Tarikere L Gururaja  1 Stephanie Yung Rongxian Ding Jianing Huang Xiulan Zhou John McLaughlin Sarkiz Daniel-Issakani Rajinder Singh Robin D G Cooper Donald G Payan Esteban S Masuda Taisei Kinoshita
Affiliations
  • 1. Rigel Pharmaceuticals, Incorporated, 1180 Veterans Boulevard, South San Francisco, CA 94080, USA. [email protected]
Abstract

Small-molecule library screening to find compounds that inhibit TNFalpha-induced, but not interleukin 1beta (IL-1beta)-induced, intercellular adhesion molecule 1 (ICAM-1) expression in lung epithelial cells identified a class of triazoloquinoxalines. These compounds not only inhibited the TNFalpha-induced nuclear factor kappaB (NFkappaB) survival pathway but also blocked death-pathway activation. Such dual activity makes them unique against Other known NFkappaB-pathway inhibitors that inhibit only a subset of TNFalpha signals leading to increased TNFalpha-induced cytotoxicity. Interestingly, these compounds inhibited association of TNFalpha receptor (TNFalphaR) I with TNFalphaR-associated death domain protein (TRADD) and receptor interacting protein 1 (RIP1), the initial intracellular signaling event following TNFalpha stimulation.
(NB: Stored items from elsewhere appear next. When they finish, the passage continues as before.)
(* Let $R_\bullet$ and $\omega_q,(\omega_q)_j$ be as in the context, and let $(\mu,\nu)$ be a $(p,q)$-shuffle. Then for $1\le j\le q$ one has $s_\mu(y_j)=y_{\nu_j+1}$ in $R_{p+q}$, and hence in $\Omega(R_{p+q})$ $$s_\mu(\omega_q)=\prod_{t\in\{\nu_1,\dots,\nu_q\}}{\bf d}y_{t+1},\qquad s_\mu((\omega_q)_j)=\prod_{t\in\{\nu_1,\dots,\widehat{\nu_j},\dots,\nu_q\}}{\bf d}y_{t+1}.$$
   Context: Fix $n\ge1$, $|x|\ge1$. $R_\bullet$ is the simplicial graded $\mathbb{F}_2$-algebra with $R_q=\mathbb{F}_2[x,y_1,\dots,y_q]$, $|y_i|=(n+1)|x|$, with algebra face and degeneracy maps $s_i(x)=x$, $d_i(x)=x$, $s_i(y_j)=y_j$ if $i\ge j$, $s_i(y_j)=y_{j+1}$ if $i<j$; $d_i(y_j)=x^{n+1}$ if $i=0,j=1$; $d_i(y_j)=y_{j-1}$ if $i<j,j>1$; $d_i(y_j)=y_j$ if $i\ge j,j<q$; $d_q(y_q)=0$. $\Omega$ denotes the de Rham complex functor (free $A$-algebra on ${\bf d}a$, $a\in A$, modulo additivity, Leibniz rule and $({\bf d}a)^2=0$), applied degreewise. $\omega_q={\bf d}y_1\cdots{\bf d}y_q$ and $(\omega_q)_j$ is $\omega_q$ with ${\bf d}y_j$ omitted. A $(p,q)$-shuffle $(\mu,\nu)$ consists of two increasing sequences $\mu_1<\dots<\mu_p$ and $\nu_1<\dots<\nu_q$ whose union is $\{0,1,\dots,p+q-1\}$ (disjointly), and $s_\mu=s_{\mu_p}\cdots s_{\mu_1}:R_q\to R_{p+q}$ (extended to $\Omega$). *)

theory Defs
  imports "HOL-Library.Poly_Mapping" "HOL-Library.Z2"
begin

text \<open>Generators: the polynomial generators x, y_1, y_2, ... and their de Rham
differentials dx, dy_1, dy_2, ...  All rings in the simplicial object R are
polynomial rings over F_2 (type bit) in some of these variables; the
de Rham complex Omega(F_2[x,y_1,...,y_m]) is F_2[x,y_i,dx,dy_i] modulo
the ideal generated by the squares of the differentials (characteristic 2, so
graded commutativity is plain commutativity).\<close>

datatype var = X | Y nat | DX | DY nat

type_synonym poly = "(var \<Rightarrow>\<^sub>0 nat) \<Rightarrow>\<^sub>0 bit"

definition Var :: "var \<Rightarrow> poly" where
  "Var v = Poly_Mapping.single (Poly_Mapping.single v 1) 1"

abbreviation dY :: "nat \<Rightarrow> poly" where
  "dY i \<equiv> Var (DY i)"

definition subst :: "(var \<Rightarrow> poly) \<Rightarrow> poly \<Rightarrow> poly" where
  "subst \<sigma> p = sum (\<lambda>mon. Poly_Mapping.single 0 (Poly_Mapping.lookup p mon) *
        prod (\<lambda>v. \<sigma> v ^ Poly_Mapping.lookup mon v) (Poly_Mapping.keys mon))
      (Poly_Mapping.keys p)"

fun svar :: "nat \<Rightarrow> var \<Rightarrow> var" where
  "svar i X = X"
| "svar i DX = DX"
| "svar i (Y j) = (if j \<le> i then Y j else Y (Suc j))"
| "svar i (DY j) = (if j \<le> i then DY j else DY (Suc j))"

definition degen :: "nat \<Rightarrow> poly \<Rightarrow> poly" where
  "degen i = subst (\<lambda>v. Var (svar i v))"

text \<open>s_mu = s_(mu_p) o ... o s_(mu_1), for mu = [mu_1, ..., mu_p].\<close>
definition s_mu :: "nat list \<Rightarrow> poly \<Rightarrow> poly" where
  "s_mu mu = fold (\<lambda>i f. degen i \<circ> f) mu id"

definition is_shuffle :: "nat \<Rightarrow> nat \<Rightarrow> nat list \<Rightarrow> nat list \<Rightarrow> bool" where
  "is_shuffle p q mu nu \<longleftrightarrow> length mu = p \<and> length nu = q \<and>
     sorted_wrt (<) mu \<and> sorted_wrt (<) nu \<and> set mu \<inter> set nu = {} \<and>
     set mu \<union> set nu = {0..<p+q}"

definition omega :: "nat \<Rightarrow> poly" where
  "omega q = (\<Prod>i\<in>{1..q}. dY i)"

definition omega_hat :: "nat \<Rightarrow> nat \<Rightarrow> poly" where
  "omega_hat q j = (\<Prod>i\<in>{1..q} - {j}. dY i)"

fun is_dvar :: "var \<Rightarrow> bool" where
  "is_dvar DX = True" | "is_dvar (DY _) = True" | "is_dvar _ = False"

definition dsq_ideal :: "poly set" where
  "dsq_ideal = {r. \<exists>V a. finite V \<and> (\<forall>v\<in>V. is_dvar v) \<and>
                        r = (\<Sum>v\<in>V. a v * Var v ^ 2)}"

definition omega_eq :: "poly \<Rightarrow> poly \<Rightarrow> bool" where
  "omega_eq a b \<longleftrightarrow> a - b \<in> dsq_ideal"

end

theory Submission
  imports Defs
begin

text \<open>Each degeneracy renames the variables injectively, so s_mu sends a product of distinct
variables to the product of the renamed variables, and everything reduces to index arithmetic:
s_mu sends y_k to y_(fold sidx mu k). For a (p,q)-shuffle this index is computed by induction on
p + q, removing the largest element p + q - 1. If it lies in mu, the last degeneracy fixes
y_(nu_j + 1), which lies below it; if it is nu_q, then y_q is pushed up once by each of the
p degeneracies and ends at y_(p + q). The identities in Omega then already hold as polynomials.\<close>

lemma prod_Var_eq_single:
  assumes "finite A"
  shows "(\<Prod>v\<in>A. Var v) = Poly_Mapping.single (\<Sum>v\<in>A. Poly_Mapping.single v (1::nat)) 1"
  using assms by (induction A rule: finite_induct) (simp_all add: Var_def mult_single)

lemma subst_prod_Var:
  assumes "finite A"
  shows "subst \<sigma> (\<Prod>v\<in>A. Var v) = (\<Prod>v\<in>A. \<sigma> v)"
proof -
  define m where "m = (\<Sum>v\<in>A. Poly_Mapping.single v (1::nat))"
  have lookup_m: "Poly_Mapping.lookup m v = (if v \<in> A then 1 else 0)" for v
    using assms by (simp add: m_def lookup_sum lookup_single when_def)
  then have "Poly_Mapping.keys m = A"
    by (auto simp: in_keys_iff split: if_splits)
  then have "subst \<sigma> (Poly_Mapping.single m 1) = (\<Prod>v\<in>A. \<sigma> v ^ Poly_Mapping.lookup m v)"
    by (simp add: subst_def)
  also have "\<dots> = (\<Prod>v\<in>A. \<sigma> v)"
    by (simp add: lookup_m)
  finally show ?thesis
    by (simp add: prod_Var_eq_single[OF assms] m_def)
qed

lemma inj_svar: "inj (svar i)"
proof (rule injI)
  fix v w
  show "svar i v = svar i w \<Longrightarrow> v = w"
    by (cases v; cases w) (auto split: if_splits)
qed

lemma inj_fold_svar: "inj (fold svar mu)"
  by (induction mu) (simp_all add: inj_svar inj_compose[unfolded comp_def])

lemma degen_prod_Var:
  assumes "finite A" "inj_on \<phi> A"
  shows "degen i (\<Prod>v\<in>A. Var (\<phi> v)) = (\<Prod>v\<in>A. Var (svar i (\<phi> v)))"
proof -
  have "degen i (\<Prod>v\<in>A. Var (\<phi> v)) = degen i (\<Prod>v\<in>\<phi> ` A. Var v)"
    using assms(2) by (simp add: prod.reindex)
  also have "\<dots> = (\<Prod>v\<in>\<phi> ` A. Var (svar i v))"
    using assms(1) by (simp add: degen_def subst_prod_Var)
  also have "\<dots> = (\<Prod>v\<in>A. Var (svar i (\<phi> v)))"
    using assms(2) by (simp add: prod.reindex)
  finally show ?thesis .
qed

lemma s_mu_prod_Var:
  assumes "finite A" "inj_on \<phi> A"
  shows "s_mu mu (\<Prod>v\<in>A. Var (\<phi> v)) = (\<Prod>v\<in>A. Var (fold svar mu (\<phi> v)))"
proof (induction mu rule: rev_induct)
  case Nil
  show ?case by (simp add: s_mu_def)
next
  case (snoc i mu)
  have inj: "inj_on (fold svar mu \<circ> \<phi>) A"
    using assms(2) inj_fold_svar by (rule comp_inj_on[OF _ inj_on_subset]) simp
  have "s_mu (mu @ [i]) (\<Prod>v\<in>A. Var (\<phi> v)) = degen i (s_mu mu (\<Prod>v\<in>A. Var (\<phi> v)))"
    by (simp add: s_mu_def)
  also have "\<dots> = (\<Prod>v\<in>A. Var (svar i (fold svar mu (\<phi> v))))"
    using degen_prod_Var[OF assms(1) inj] by (simp add: snoc)
  finally show ?case
    by simp
qed

definition sidx :: "nat \<Rightarrow> nat \<Rightarrow> nat" where
  "sidx i k = (if k \<le> i then k else Suc k)"

lemma fold_svar_Y: "fold svar mu (Y k) = Y (fold sidx mu k)"
  and fold_svar_DY: "fold svar mu (DY k) = DY (fold sidx mu k)"
  by (induction mu arbitrary: k) (simp_all add: sidx_def)

lemma fold_sidx_below:
  assumes "sorted_wrt (<) ms" "\<forall>m\<in>set ms. Suc m < k + length ms"
  shows "fold sidx ms k = k + length ms"
  using assms
proof (induction ms rule: rev_induct)
  case Nil
  then show ?case by simp
next
  case (snoc m ms)
  then have "fold sidx (ms @ [m]) k = sidx m (k + length ms)"
    by (fastforce simp: sorted_wrt_append)
  also have "\<dots> = k + length (ms @ [m])"
    using snoc.prems by (simp add: sidx_def)
  finally show ?case .
qed

lemma is_shuffle_sym: "is_shuffle p q mu nu \<longleftrightarrow> is_shuffle q p nu mu"
  unfolding is_shuffle_def by (metis add.commute inf_commute sup_commute)

lemma is_shuffle_butlast:
  assumes shuffle: "is_shuffle p q mu nu" and "p + q = Suc n" "n \<in> set mu"
  obtains mu' where "mu = mu' @ [n]" "is_shuffle (p - 1) q mu' nu"
proof -
  obtain mu' m where mu: "mu = mu' @ [m]"
    using \<open>n \<in> set mu\<close> by (cases mu rule: rev_exhaust) auto
  have below_m: "\<forall>x\<in>set mu'. x < m" and sorted': "sorted_wrt (<) mu'"
    using shuffle by (simp_all add: is_shuffle_def mu sorted_wrt_append)
  have "m < Suc n"
    using shuffle \<open>p + q = Suc n\<close> unfolding is_shuffle_def mu by auto
  moreover have "n \<le> m"
    using below_m \<open>n \<in> set mu\<close> unfolding mu by fastforce
  ultimately have "m = n"
    by simp
  have "n \<notin> set nu"
    using shuffle \<open>n \<in> set mu\<close> unfolding is_shuffle_def by blast
  then have "set mu' \<union> set nu = (set mu \<union> set nu) - {n}"
    using below_m \<open>m = n\<close> unfolding mu by auto
  also have "\<dots> = {0..<p - 1 + q}"
    using shuffle \<open>p + q = Suc n\<close> unfolding is_shuffle_def mu by auto
  finally have "is_shuffle (p - 1) q mu' nu"
    using shuffle sorted' unfolding is_shuffle_def mu by auto
  with that show ?thesis
    by (simp add: mu \<open>m = n\<close>)
qed

lemma fold_sidx_shuffle:
  assumes "is_shuffle p q mu nu" "i < q"
  shows "fold sidx mu (Suc i) = Suc (nu ! i)"
  using assms
proof (induction "p + q" arbitrary: p q mu nu i)
  case 0
  then show ?case by simp
next
  case (Suc n)
  have len_mu: "length mu = p" and len_nu: "length nu = q"
    and disjoint: "set mu \<inter> set nu = {}" and cover: "set mu \<union> set nu = {0..<Suc n}"
    using Suc.prems(1) Suc.hyps(2) by (simp_all add: is_shuffle_def)
  then have "set mu \<subseteq> {0..<Suc n}" "set nu \<subseteq> {0..<Suc n}"
    by auto
  have "n \<in> set mu \<union> set nu"
    using cover by simp
  then consider "n \<in> set mu" | "n \<in> set nu"
    by blast
  then show ?case
  proof cases
    case 1
    then obtain mu' where mu: "mu = mu' @ [n]" and shuffle': "is_shuffle (p - 1) q mu' nu"
      using is_shuffle_butlast[OF Suc.prems(1) Suc.hyps(2)[symmetric]] by blast
    have "p - 1 + q = n"
      using len_mu Suc.hyps(2) by (simp add: mu)
    have "nu ! i \<in> set nu"
      using len_nu Suc.prems(2) by simp
    then have "nu ! i \<noteq> n" "nu ! i < Suc n"
      using disjoint 1 \<open>set nu \<subseteq> {0..<Suc n}\<close> by auto
    then have "sidx n (Suc (nu ! i)) = Suc (nu ! i)"
      by (simp add: sidx_def)
    with Suc.hyps(1)[OF \<open>p - 1 + q = n\<close>[symmetric] shuffle' Suc.prems(2)] show ?thesis
      by (simp add: mu)
  next
    case 2
    have "is_shuffle q p nu mu" "q + p = Suc n"
      using Suc.prems(1) Suc.hyps(2) by (simp_all add: is_shuffle_sym)
    then obtain nu' where nu: "nu = nu' @ [n]" and "is_shuffle (q - 1) p nu' mu"
      using is_shuffle_butlast 2 by blast
    then have shuffle': "is_shuffle p (q - 1) mu nu'"
      by (simp add: is_shuffle_sym)
    have "p + (q - 1) = n"
      using len_nu Suc.hyps(2) by (simp add: nu)
    show ?thesis
    proof (cases "i < q - 1")
      case True
      then have "i < length nu'"
        using len_nu by (simp add: nu)
      with True show ?thesis
        using Suc.hyps(1)[OF \<open>p + (q - 1) = n\<close>[symmetric] shuffle' True]
        by (simp add: nu nth_append)
    next
      case False
      then have "i = length nu'" "Suc i + length mu = Suc n"
        using len_mu len_nu Suc.prems(2) Suc.hyps(2) by (simp_all add: nu)
      have "\<forall>m\<in>set mu. m < n"
      proof
        fix m
        assume "m \<in> set mu"
        then have "m \<noteq> n" "m < Suc n"
          using disjoint 2 \<open>set mu \<subseteq> {0..<Suc n}\<close> by auto
        then show "m < n"
          by simp
      qed
      then have "fold sidx mu (Suc i) = Suc n"
        using fold_sidx_below[of mu "Suc i"] Suc.prems(1) \<open>Suc i + length mu = Suc n\<close>
        by (simp add: is_shuffle_def)
      then show ?thesis
        by (simp add: nu \<open>i = length nu'\<close>)
    qed
  qed
qed

corollary fold_sidx_shuffle_pred:
  assumes "is_shuffle p q mu nu" "j \<in> {1..q}"
  shows "fold sidx mu j = nu ! (j - 1) + 1"
  using fold_sidx_shuffle[OF assms(1), of "j - 1"] assms(2) by (cases j) auto

lemma s_mu_Var: "s_mu mu (Var v) = Var (fold svar mu v)"
  using s_mu_prod_Var[of "{v}" id mu] by simp

lemma bij_betw_nth_pred:
  assumes "distinct xs"
  shows "bij_betw (\<lambda>j. xs ! (j - 1)) {1..length xs} (set xs)"
proof -
  have "bij_betw (\<lambda>j. j - 1) {1..length xs} {..<length xs}"
    by (rule bij_betw_byWitness[where f' = Suc]) auto
  then show ?thesis
    using bij_betw_trans[OF _ bij_betw_nth[OF assms refl refl]] by (simp add: comp_def)
qed

lemma bij_betw_shuffle_nth:
  assumes "is_shuffle p q mu nu"
  shows "bij_betw (\<lambda>j. nu ! (j - 1)) {1..q} (set nu)"
  using assms bij_betw_nth_pred[of nu] by (simp add: is_shuffle_def strict_sorted_iff)

lemma s_mu_prod_dY_shuffle:
  assumes shuffle: "is_shuffle p q mu nu" and "B \<subseteq> {1..q}"
  shows "s_mu mu (\<Prod>j\<in>B. dY j) = (\<Prod>t\<in>(\<lambda>j. nu ! (j - 1)) ` B. dY (t + 1))"
proof -
  have "finite B"
    using \<open>B \<subseteq> {1..q}\<close> finite_subset by blast
  have "inj_on (\<lambda>j. nu ! (j - 1)) B"
    using bij_betw_imp_inj_on[OF bij_betw_shuffle_nth[OF shuffle]] \<open>B \<subseteq> {1..q}\<close>
    by (rule inj_on_subset)
  have "inj_on DY B"
    by (simp add: inj_on_def)
  then have "s_mu mu (\<Prod>j\<in>B. dY j) = (\<Prod>j\<in>B. dY (fold sidx mu j))"
    using s_mu_prod_Var[OF \<open>finite B\<close>] by (simp add: fold_svar_DY)
  also have "\<dots> = (\<Prod>j\<in>B. dY (nu ! (j - 1) + 1))"
    using fold_sidx_shuffle_pred[OF shuffle] \<open>B \<subseteq> {1..q}\<close> by (intro prod.cong) auto
  also have "\<dots> = (\<Prod>t\<in>(\<lambda>j. nu ! (j - 1)) ` B. dY (t + 1))"
    using \<open>inj_on (\<lambda>j. nu ! (j - 1)) B\<close> by (simp add: prod.reindex)
  finally show ?thesis .
qed

lemma omega_eq_refl: "omega_eq a a"
  unfolding omega_eq_def dsq_ideal_def by (auto intro: exI[of _ "{}"])

theorem lemma2p4:
  fixes p q :: nat and mu nu :: "nat list"
  assumes "is_shuffle p q mu nu"
  shows "(\<forall>j\<in>{1..q}. s_mu mu (Var (Y j)) = Var (Y (nu ! (j - 1) + 1)))
       \<and> omega_eq (s_mu mu (omega q)) (\<Prod>t\<in>set nu. dY (t + 1))
       \<and> (\<forall>j\<in>{1..q}. omega_eq (s_mu mu (omega_hat q j))
                               (\<Prod>t\<in>set nu - {nu ! (j - 1)}. dY (t + 1)))"
proof -
  let ?f = "\<lambda>j. nu ! (j - 1)"
  note bij = bij_betw_shuffle_nth[OF assms]
  have "s_mu mu (Var (Y j)) = Var (Y (nu ! (j - 1) + 1))" if "j \<in> {1..q}" for j
    using fold_sidx_shuffle_pred[OF assms that] by (simp add: s_mu_Var fold_svar_Y)
  moreover have image: "?f ` {1..q} = set nu"
    using bij by (rule bij_betw_imp_surj_on)
  moreover have "?f ` ({1..q} - {j}) = set nu - {nu ! (j - 1)}" if "j \<in> {1..q}" for j
    using inj_on_image_set_diff[OF bij_betw_imp_inj_on[OF bij], of "{1..q}" "{j}"] that image
    by auto
  ultimately show ?thesis
    by (simp add: omega_def omega_hat_def s_mu_prod_dY_shuffle[OF assms] omega_eq_refl)
qed

end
Further study showed that they blocked ligand-dependent internalization of the TNFalpha-TNFalphaR complex, thereby inhibiting most of the TNFalpha-induced cellular responses. Thus, compounds with a triazoloquinoxaline scaffold could be a valuable tool to investigate small molecule-based anti-TNFalpha therapies.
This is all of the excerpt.